You can set `force_row_wise=true` to remove the overhead.
And if memory is not enough, you can set `force_col_wise=true`.
[LightGBM] [Info] Total Bins 2751
[LightGBM] [Info] Number of data points in the train set: 53935, number of used features: 31
[LightGBM] [Info] Start training from score -1.945910
[LightGBM] [Info] Start training from score -1.945910
[LightGBM] [Info] Start training from score -1.945910
[LightGBM] [Info] Start training from score -1.945910
[LightGBM] [Info] Start training from score -1.945910
[LightGBM] [Info] Start training from score -1.945910
[LightGBM] [Info] Start training from score -1.945910


100%|██████████| 22/22 [01:36<00:00,  4.38s/it]


Unnamed: 0_level_0,Accuracy,Balanced Accuracy,ROC AUC,F1 Score,macro_averaged_mean_absolute_error,Time Taken
Model,Unnamed: 1_level_1,Unnamed: 2_level_1,Unnamed: 3_level_1,Unnamed: 4_level_1,Unnamed: 5_level_1,Unnamed: 6_level_1
XGBClassifier,0.42,0.36,,0.43,1.11,2.6
LGBMClassifier,0.43,0.36,,0.44,1.09,2.37
LogisticRegression,0.42,0.36,,0.43,1.13,2.02
LinearDiscriminantAnalysis,0.39,0.35,,0.4,1.09,0.57
AdaBoostClassifier,0.4,0.35,,0.41,1.16,7.36
CalibratedClassifierCV,0.38,0.35,,0.37,1.18,12.11
ExtraTreesClassifier,0.41,0.35,,0.41,1.16,16.56
BernoulliNB,0.38,0.35,,0.39,1.21,0.38
RandomForestClassifier,0.42,0.34,,0.43,1.16,25.1
RidgeClassifier,0.34,0.33,,0.29,1.34,0.38


In [7]:
reg = LazyRegressor(
    random_state=42, custom_metric=reg_macro_averaged_mean_absolute_error
)
reg_models, predictions = reg.fit(X_train, X_val, y_train, y_val)
reg_models

  0%|          | 0/34 [00:00<?, ?it/s]

 97%|█████████▋| 33/34 [01:42<00:00,  1.41it/s]

[LightGBM] [Info] Auto-choosing col-wise multi-threading, the overhead of testing was 0.003036 seconds.
You can set `force_col_wise=true` to remove the overhead.
[LightGBM] [Info] Total Bins 2751
[LightGBM] [Info] Number of data points in the train set: 53935, number of used features: 31
[LightGBM] [Info] Start training from score 3.000000


100%|██████████| 34/34 [01:43<00:00,  3.04s/it]
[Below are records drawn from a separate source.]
lemma even_moment:
  "integrable M (\<lambda>\<omega>. (t \<bullet> X \<omega>) ^ (2 * k)) \<and>
   (LINT \<omega>|M. (t \<bullet> X \<omega>) ^ (2 * k)) = fact (2 * k) / (2 ^ k * fact k) * (t \<bullet> (A *v t)) ^ k"
proof (cases "t = 0")
  case True
  then show ?thesis by (cases k) (simp_all add: prob_space)
next
  case False
  define s where "s = sqrt (t \<bullet> (A *v t))"
  have "t \<bullet> (A *v t) > 0"
    using spd_A False by (simp add: spd_def)
  then have s_pos: "s > 0" and s_square: "s\<^sup>2 = t \<bullet> (A *v t)"
    by (simp_all add: s_def)
  have law: "distributed (distr M borel X) lborel (\<lambda>x. t \<bullet> x) (\<lambda>y. ennreal (normal_density 0 s y))"
    using gaussian_X False by (simp add: gaussian_vec_def s_def)
  have normal: "has_bochner_integral lborel (\<lambda>y. normal_density 0 s y * y ^ (2 * k))
      (fact (2 * k) / ((2 / s\<^sup>2) ^ k * fact k))"
    using normal_moment_even[OF s_pos, of 0 k] by simp
  have "integrable (distr M borel X) (\<lambda>x. (t \<bullet> x) ^ (2 * k))"
    using distributed_integrable[OF law, of "\<lambda>y. y ^ (2 * k)"] normal
    by (auto intro: integrable.intros)
  then have "integrable M (\<lambda>\<omega>. (t \<bullet> X \<omega>) ^ (2 * k))"
    by (simp add: integrable_distr_eq)
  have "(LINT x|distr M borel X. (t \<bullet> x) ^ (2 * k)) = fact (2 * k) / ((2 / s\<^sup>2) ^ k * fact k)"
    using distributed_integral[OF law, of "\<lambda>y. y ^ (2 * k)"] normal
    by (auto simp: has_bochner_integral_integral_eq)
  also have "\<dots> = fact (2 * k) / (2 ^ k * fact k) * (t \<bullet> (A *v t)) ^ k"
    using s_pos by (simp add: s_square [symmetric] power_divide)
  finally show ?thesis
    using \<open>integrable M (\<lambda>\<omega>. (t \<bullet> X \<omega>) ^ (2 * k))\<close> by (simp add: integral_distr)
qed

lemma
  shows integrable_second_moment: "integrable M (\<lambda>\<omega>. (t \<bullet> X \<omega>)\<^sup>2)"
    and integral_second_moment: "(LINT \<omega>|M. (t \<bullet> X \<omega>)\<^sup>2) = t \<bullet> (A *v t)"
  using even_moment[of t 1] by simp_all

lemma
  shows integrable_fourth_moment: "integrable M (\<lambda>\<omega>. (t \<bullet> X \<omega>) ^ 4)"
    and integral_fourth_moment: "(LINT \<omega>|M. (t \<bullet> X \<omega>) ^ 4) = 3 * (t \<bullet> (A *v t))\<^sup>2"
  using even_moment[of t 2] by (simp_all add: fact_numeral)

lemma integrable_inner: "integrable M (\<lambda>\<omega>. t \<bullet> X \<omega>)"
  by (rule square_integrable_imp_integrable) (simp_all add: integrable_second_moment)

lemma
  shows integrable_covariance: "integrable M (\<lambda>\<omega>. (a \<bullet> X \<omega>) * (b \<bullet> X \<omega>))"
    and integral_covariance: "(LINT \<omega>|M. (a \<bullet> X \<omega>) * (b \<bullet> X \<omega>)) = a \<bullet> (A *v b)"
proof -
  have polarization: "(\<lambda>\<omega>. (a \<bullet> X \<omega>) * (b \<bullet> X \<omega>)) =
      (\<lambda>\<omega>. (((a + b) \<bullet> X \<omega>)\<^sup>2 - ((a - b) \<bullet> X \<omega>)\<^sup>2) / 4)"
    by (auto simp: inner_add_left inner_diff_left power2_eq_square field_simps)
  show "integrable M (\<lambda>\<omega>. (a \<bullet> X \<omega>) * (b \<bullet> X \<omega>))"
    unfolding polarization by (simp add: integrable_second_moment)
  have "b \<bullet> (A *v a) = a \<bullet> (A *v b)"
    using spd_A by (rule spd_inner_commute)
  then show "(LINT \<omega>|M. (a \<bullet> X \<omega>) * (b \<bullet> X \<omega>)) = a \<bullet> (A *v b)"
    unfolding polarization
    by (simp add: integrable_second_moment integral_second_moment)
      (simp add: inner_add_left inner_diff_left inner_add_right inner_diff_right
        matrix_vector_right_distrib matrix_vector_mult_diff_distrib)
qed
Unnamed: 0_level_0,Adjusted R-Squared,R-Squared,RMSE,Time Taken,reg_macro_averaged_mean_absolute_error
Model,Unnamed: 1_level_1,Unnamed: 2_level_1,Unnamed: 3_level_1,Unnamed: 4_level_1,Unnamed: 5_level_1
PoissonRegressor,-0.09,-0.09,1.21,0.37,1.3
LGBMRegressor,-0.11,-0.11,1.22,0.69,1.33
HistGradientBoostingRegressor,-0.12,-0.12,1.22,1.51,1.35
GradientBoostingRegressor,-0.12,-0.12,1.22,21.77,1.33
HuberRegressor,-0.17,-0.17,1.25,1.54,1.35
XGBRegressor,-0.18,-0.18,1.25,0.7,1.38
LinearSVR,-0.18,-0.18,1.26,9.32,1.36
TransformedTargetRegressor,-0.19,-0.19,1.26,0.32,
LinearRegression,-0.19,-0.19,1.26,0.3,
Ridge,-0.19,-0.19,1.26,0.26,


## Outcome

For ordered classification, simple multi classification approach is more suitable than regression. LGBMClassifier has the lowest macro-averaged mean absolute error and is chosen for further tuning to predict loan grades.